ASSIGNMENT: Look below and pull out each line with the word "forall".

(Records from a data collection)

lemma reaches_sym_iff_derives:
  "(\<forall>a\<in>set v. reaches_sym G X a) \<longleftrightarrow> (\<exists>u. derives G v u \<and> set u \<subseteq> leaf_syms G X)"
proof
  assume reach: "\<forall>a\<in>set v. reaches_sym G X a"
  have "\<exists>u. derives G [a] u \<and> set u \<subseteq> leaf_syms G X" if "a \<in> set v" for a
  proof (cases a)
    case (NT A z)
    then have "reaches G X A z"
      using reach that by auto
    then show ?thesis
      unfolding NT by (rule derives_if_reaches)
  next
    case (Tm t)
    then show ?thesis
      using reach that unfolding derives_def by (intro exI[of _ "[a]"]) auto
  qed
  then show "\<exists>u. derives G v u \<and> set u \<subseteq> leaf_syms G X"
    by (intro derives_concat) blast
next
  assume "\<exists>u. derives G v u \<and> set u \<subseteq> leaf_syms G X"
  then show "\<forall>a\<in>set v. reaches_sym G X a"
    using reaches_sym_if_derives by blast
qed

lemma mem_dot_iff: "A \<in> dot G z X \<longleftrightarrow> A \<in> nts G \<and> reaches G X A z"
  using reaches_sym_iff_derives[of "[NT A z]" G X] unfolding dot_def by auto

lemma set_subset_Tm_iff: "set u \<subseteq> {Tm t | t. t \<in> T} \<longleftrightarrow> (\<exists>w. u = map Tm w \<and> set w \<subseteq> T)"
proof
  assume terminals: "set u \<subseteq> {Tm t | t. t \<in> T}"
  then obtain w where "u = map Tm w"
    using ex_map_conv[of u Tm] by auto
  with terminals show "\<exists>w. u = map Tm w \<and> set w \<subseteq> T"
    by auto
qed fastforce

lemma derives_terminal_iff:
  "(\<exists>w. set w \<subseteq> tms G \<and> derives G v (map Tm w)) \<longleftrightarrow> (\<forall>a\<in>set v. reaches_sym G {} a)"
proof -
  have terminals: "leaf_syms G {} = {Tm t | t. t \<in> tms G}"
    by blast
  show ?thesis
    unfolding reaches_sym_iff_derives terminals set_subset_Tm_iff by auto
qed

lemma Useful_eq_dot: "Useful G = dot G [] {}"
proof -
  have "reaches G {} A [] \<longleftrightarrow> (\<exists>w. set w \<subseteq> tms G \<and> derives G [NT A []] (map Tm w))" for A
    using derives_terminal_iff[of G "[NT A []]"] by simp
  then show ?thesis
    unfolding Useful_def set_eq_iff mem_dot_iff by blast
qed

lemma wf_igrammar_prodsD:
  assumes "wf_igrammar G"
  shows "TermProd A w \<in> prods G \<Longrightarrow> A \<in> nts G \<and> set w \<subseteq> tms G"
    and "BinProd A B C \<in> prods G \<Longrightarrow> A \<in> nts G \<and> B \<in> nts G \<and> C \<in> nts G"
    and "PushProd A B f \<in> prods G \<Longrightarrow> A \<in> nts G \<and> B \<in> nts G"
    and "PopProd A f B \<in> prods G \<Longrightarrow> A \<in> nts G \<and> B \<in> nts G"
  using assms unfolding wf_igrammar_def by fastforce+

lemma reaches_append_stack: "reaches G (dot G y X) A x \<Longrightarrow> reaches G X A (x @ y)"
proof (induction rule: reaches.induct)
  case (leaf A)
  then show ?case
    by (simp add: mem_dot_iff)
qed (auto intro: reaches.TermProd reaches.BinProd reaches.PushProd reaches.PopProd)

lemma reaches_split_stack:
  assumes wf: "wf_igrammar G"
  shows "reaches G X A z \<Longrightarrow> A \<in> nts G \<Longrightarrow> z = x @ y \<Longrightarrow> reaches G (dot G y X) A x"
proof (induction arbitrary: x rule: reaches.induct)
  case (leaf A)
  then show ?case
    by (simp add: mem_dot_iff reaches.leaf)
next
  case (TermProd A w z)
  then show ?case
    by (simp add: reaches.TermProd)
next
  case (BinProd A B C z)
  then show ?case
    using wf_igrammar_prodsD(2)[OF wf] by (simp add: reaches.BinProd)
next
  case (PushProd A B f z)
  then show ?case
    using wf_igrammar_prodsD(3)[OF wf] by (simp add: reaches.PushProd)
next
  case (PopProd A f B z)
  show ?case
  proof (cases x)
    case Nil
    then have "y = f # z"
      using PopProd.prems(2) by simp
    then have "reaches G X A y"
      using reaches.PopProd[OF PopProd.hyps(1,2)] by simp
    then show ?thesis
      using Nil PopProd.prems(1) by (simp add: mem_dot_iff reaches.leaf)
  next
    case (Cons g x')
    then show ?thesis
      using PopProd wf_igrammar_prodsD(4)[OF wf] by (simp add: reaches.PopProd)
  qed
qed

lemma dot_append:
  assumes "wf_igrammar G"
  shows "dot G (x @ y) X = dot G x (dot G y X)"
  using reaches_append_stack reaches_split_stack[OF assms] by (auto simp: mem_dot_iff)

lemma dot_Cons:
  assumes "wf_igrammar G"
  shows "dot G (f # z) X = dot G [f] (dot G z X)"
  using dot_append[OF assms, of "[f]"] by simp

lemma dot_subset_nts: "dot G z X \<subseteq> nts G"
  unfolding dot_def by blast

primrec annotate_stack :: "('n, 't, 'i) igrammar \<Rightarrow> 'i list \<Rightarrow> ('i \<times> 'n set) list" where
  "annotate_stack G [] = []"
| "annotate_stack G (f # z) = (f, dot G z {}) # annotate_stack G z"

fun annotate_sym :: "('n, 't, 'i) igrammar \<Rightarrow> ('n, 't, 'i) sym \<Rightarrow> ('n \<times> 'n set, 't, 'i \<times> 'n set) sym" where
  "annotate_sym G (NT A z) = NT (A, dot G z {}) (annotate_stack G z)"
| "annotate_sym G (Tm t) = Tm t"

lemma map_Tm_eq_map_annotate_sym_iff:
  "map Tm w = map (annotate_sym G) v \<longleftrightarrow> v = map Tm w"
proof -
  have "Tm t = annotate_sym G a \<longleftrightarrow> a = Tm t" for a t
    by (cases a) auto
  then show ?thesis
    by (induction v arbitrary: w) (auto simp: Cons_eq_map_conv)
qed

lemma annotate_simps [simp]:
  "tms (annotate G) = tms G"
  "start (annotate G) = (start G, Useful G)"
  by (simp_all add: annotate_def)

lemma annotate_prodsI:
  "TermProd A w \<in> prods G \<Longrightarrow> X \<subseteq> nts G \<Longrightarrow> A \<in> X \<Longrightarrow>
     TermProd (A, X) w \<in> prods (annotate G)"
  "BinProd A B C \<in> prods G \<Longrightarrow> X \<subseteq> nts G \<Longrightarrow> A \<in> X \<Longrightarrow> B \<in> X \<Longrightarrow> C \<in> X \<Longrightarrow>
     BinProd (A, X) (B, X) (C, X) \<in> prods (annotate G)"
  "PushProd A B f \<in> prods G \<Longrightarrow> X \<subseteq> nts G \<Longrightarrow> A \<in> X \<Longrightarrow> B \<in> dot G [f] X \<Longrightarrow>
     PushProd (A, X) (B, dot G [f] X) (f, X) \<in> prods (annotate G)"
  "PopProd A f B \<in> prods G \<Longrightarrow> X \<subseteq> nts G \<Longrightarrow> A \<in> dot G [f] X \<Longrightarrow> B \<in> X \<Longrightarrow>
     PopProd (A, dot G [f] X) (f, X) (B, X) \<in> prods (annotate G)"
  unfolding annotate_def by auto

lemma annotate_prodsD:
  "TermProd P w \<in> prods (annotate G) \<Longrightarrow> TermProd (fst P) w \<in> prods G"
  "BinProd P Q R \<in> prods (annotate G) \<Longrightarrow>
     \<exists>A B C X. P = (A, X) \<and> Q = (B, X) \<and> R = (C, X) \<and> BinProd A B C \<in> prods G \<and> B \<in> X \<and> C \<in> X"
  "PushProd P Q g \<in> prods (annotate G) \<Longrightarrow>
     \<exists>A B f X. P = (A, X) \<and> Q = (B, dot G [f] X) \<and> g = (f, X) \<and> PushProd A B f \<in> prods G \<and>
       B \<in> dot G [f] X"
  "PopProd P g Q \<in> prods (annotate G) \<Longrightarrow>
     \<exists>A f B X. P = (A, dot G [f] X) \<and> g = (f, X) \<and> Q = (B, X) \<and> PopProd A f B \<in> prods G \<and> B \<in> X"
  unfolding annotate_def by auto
...
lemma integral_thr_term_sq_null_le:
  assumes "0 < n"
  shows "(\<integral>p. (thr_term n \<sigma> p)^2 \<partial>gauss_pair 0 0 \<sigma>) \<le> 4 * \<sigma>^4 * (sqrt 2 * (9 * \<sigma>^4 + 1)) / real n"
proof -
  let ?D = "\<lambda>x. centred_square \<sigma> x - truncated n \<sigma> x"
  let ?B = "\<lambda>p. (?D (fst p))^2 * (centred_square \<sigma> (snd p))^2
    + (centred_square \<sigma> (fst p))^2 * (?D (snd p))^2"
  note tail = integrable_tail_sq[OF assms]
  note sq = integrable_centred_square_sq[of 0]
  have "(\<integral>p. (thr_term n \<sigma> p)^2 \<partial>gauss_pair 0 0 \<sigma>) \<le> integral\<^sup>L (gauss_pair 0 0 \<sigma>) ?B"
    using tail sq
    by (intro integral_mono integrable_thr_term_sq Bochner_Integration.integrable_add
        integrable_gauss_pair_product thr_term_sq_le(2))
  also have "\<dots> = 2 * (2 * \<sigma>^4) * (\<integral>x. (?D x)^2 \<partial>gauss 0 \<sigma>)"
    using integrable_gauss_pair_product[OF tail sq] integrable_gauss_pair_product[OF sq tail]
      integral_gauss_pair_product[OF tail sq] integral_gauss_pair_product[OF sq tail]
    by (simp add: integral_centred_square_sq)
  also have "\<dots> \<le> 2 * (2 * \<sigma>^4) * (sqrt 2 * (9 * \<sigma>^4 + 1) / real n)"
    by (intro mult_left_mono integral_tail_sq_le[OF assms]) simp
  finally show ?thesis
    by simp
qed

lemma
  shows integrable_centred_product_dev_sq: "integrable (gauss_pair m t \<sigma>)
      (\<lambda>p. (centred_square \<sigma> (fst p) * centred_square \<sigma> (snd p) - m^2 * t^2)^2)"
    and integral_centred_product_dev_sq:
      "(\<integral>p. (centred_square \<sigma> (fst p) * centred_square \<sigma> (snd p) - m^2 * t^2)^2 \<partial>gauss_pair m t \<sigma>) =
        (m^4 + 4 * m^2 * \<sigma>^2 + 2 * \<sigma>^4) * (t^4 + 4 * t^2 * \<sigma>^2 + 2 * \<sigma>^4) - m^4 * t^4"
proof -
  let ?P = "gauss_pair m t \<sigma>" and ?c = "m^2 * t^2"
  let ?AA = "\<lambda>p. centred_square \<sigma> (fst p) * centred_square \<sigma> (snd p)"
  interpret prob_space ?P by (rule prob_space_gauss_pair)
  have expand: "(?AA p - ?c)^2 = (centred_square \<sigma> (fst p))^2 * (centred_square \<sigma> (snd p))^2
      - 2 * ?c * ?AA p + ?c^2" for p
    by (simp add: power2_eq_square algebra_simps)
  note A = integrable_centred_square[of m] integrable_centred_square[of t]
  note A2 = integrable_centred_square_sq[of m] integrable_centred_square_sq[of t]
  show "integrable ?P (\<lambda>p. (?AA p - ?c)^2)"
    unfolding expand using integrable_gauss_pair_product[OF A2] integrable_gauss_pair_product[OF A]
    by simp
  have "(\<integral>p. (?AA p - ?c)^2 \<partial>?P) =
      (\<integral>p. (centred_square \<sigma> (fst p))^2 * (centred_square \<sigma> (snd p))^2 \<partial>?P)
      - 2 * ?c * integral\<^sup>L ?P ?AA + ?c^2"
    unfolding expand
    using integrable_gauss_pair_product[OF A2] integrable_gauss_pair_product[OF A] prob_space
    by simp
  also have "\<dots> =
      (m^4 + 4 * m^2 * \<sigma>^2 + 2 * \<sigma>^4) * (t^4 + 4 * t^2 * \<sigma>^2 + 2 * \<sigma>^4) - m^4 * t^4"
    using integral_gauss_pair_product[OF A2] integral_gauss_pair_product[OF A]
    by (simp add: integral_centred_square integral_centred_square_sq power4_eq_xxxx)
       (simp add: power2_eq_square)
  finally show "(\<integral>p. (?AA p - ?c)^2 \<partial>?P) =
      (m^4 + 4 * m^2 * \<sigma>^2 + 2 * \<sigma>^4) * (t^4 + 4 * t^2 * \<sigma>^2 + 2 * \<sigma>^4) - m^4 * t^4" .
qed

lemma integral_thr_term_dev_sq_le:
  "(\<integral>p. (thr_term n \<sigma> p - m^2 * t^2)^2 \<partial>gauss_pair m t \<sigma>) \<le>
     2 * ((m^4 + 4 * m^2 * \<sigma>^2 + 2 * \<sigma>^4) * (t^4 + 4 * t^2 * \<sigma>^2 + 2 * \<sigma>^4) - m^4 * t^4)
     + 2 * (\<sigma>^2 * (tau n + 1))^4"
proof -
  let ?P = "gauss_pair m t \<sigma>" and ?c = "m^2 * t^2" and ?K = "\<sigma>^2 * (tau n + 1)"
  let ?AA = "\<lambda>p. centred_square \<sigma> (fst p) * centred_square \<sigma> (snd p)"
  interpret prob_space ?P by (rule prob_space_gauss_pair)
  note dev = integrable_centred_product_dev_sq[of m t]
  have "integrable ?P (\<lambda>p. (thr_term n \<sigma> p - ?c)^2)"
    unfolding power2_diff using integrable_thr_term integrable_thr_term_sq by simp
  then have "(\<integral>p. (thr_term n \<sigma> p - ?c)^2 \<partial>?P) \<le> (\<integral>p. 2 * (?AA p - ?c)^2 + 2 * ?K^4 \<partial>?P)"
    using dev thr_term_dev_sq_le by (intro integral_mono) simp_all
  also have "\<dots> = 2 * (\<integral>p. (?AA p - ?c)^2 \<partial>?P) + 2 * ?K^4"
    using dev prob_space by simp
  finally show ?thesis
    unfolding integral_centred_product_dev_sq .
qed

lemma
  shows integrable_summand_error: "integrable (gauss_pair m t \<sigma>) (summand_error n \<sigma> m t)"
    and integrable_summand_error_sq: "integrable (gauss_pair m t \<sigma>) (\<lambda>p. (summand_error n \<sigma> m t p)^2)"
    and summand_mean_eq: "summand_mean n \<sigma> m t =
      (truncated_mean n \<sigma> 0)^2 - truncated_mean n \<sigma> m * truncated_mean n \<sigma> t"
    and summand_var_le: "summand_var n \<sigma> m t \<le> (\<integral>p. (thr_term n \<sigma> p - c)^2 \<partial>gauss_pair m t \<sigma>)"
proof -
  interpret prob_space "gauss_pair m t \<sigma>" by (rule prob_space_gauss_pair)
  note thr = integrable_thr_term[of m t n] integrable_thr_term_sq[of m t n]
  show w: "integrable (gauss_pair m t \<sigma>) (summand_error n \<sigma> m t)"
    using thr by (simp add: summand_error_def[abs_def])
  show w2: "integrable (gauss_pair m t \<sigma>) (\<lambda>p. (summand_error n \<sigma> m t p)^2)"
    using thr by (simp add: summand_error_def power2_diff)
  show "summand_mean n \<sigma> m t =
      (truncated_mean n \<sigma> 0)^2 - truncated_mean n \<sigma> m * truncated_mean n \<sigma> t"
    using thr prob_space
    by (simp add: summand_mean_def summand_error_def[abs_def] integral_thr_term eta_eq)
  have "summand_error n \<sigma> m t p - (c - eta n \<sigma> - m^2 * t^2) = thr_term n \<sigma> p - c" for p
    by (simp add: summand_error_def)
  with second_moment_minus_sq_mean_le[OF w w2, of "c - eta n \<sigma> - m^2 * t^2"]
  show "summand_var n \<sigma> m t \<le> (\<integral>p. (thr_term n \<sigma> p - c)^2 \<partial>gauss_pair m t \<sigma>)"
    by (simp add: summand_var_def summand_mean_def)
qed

RESPONSE FOR THIS EXERCISE:
  "(\<forall>a\<in>set v. reaches_sym G X a) \<longleftrightarrow> (\<exists>u. derives G v u \<and> set u \<subseteq> leaf_syms G X)"
  assume reach: "\<forall>a\<in>set v. reaches_sym G X a"
  then show "\<forall>a\<in>set v. reaches_sym G X a"
  "(\<exists>w. set w \<subseteq> tms G \<and> derives G v (map Tm w)) \<longleftrightarrow> (\<forall>a\<in>set v. reaches_sym G {} a)"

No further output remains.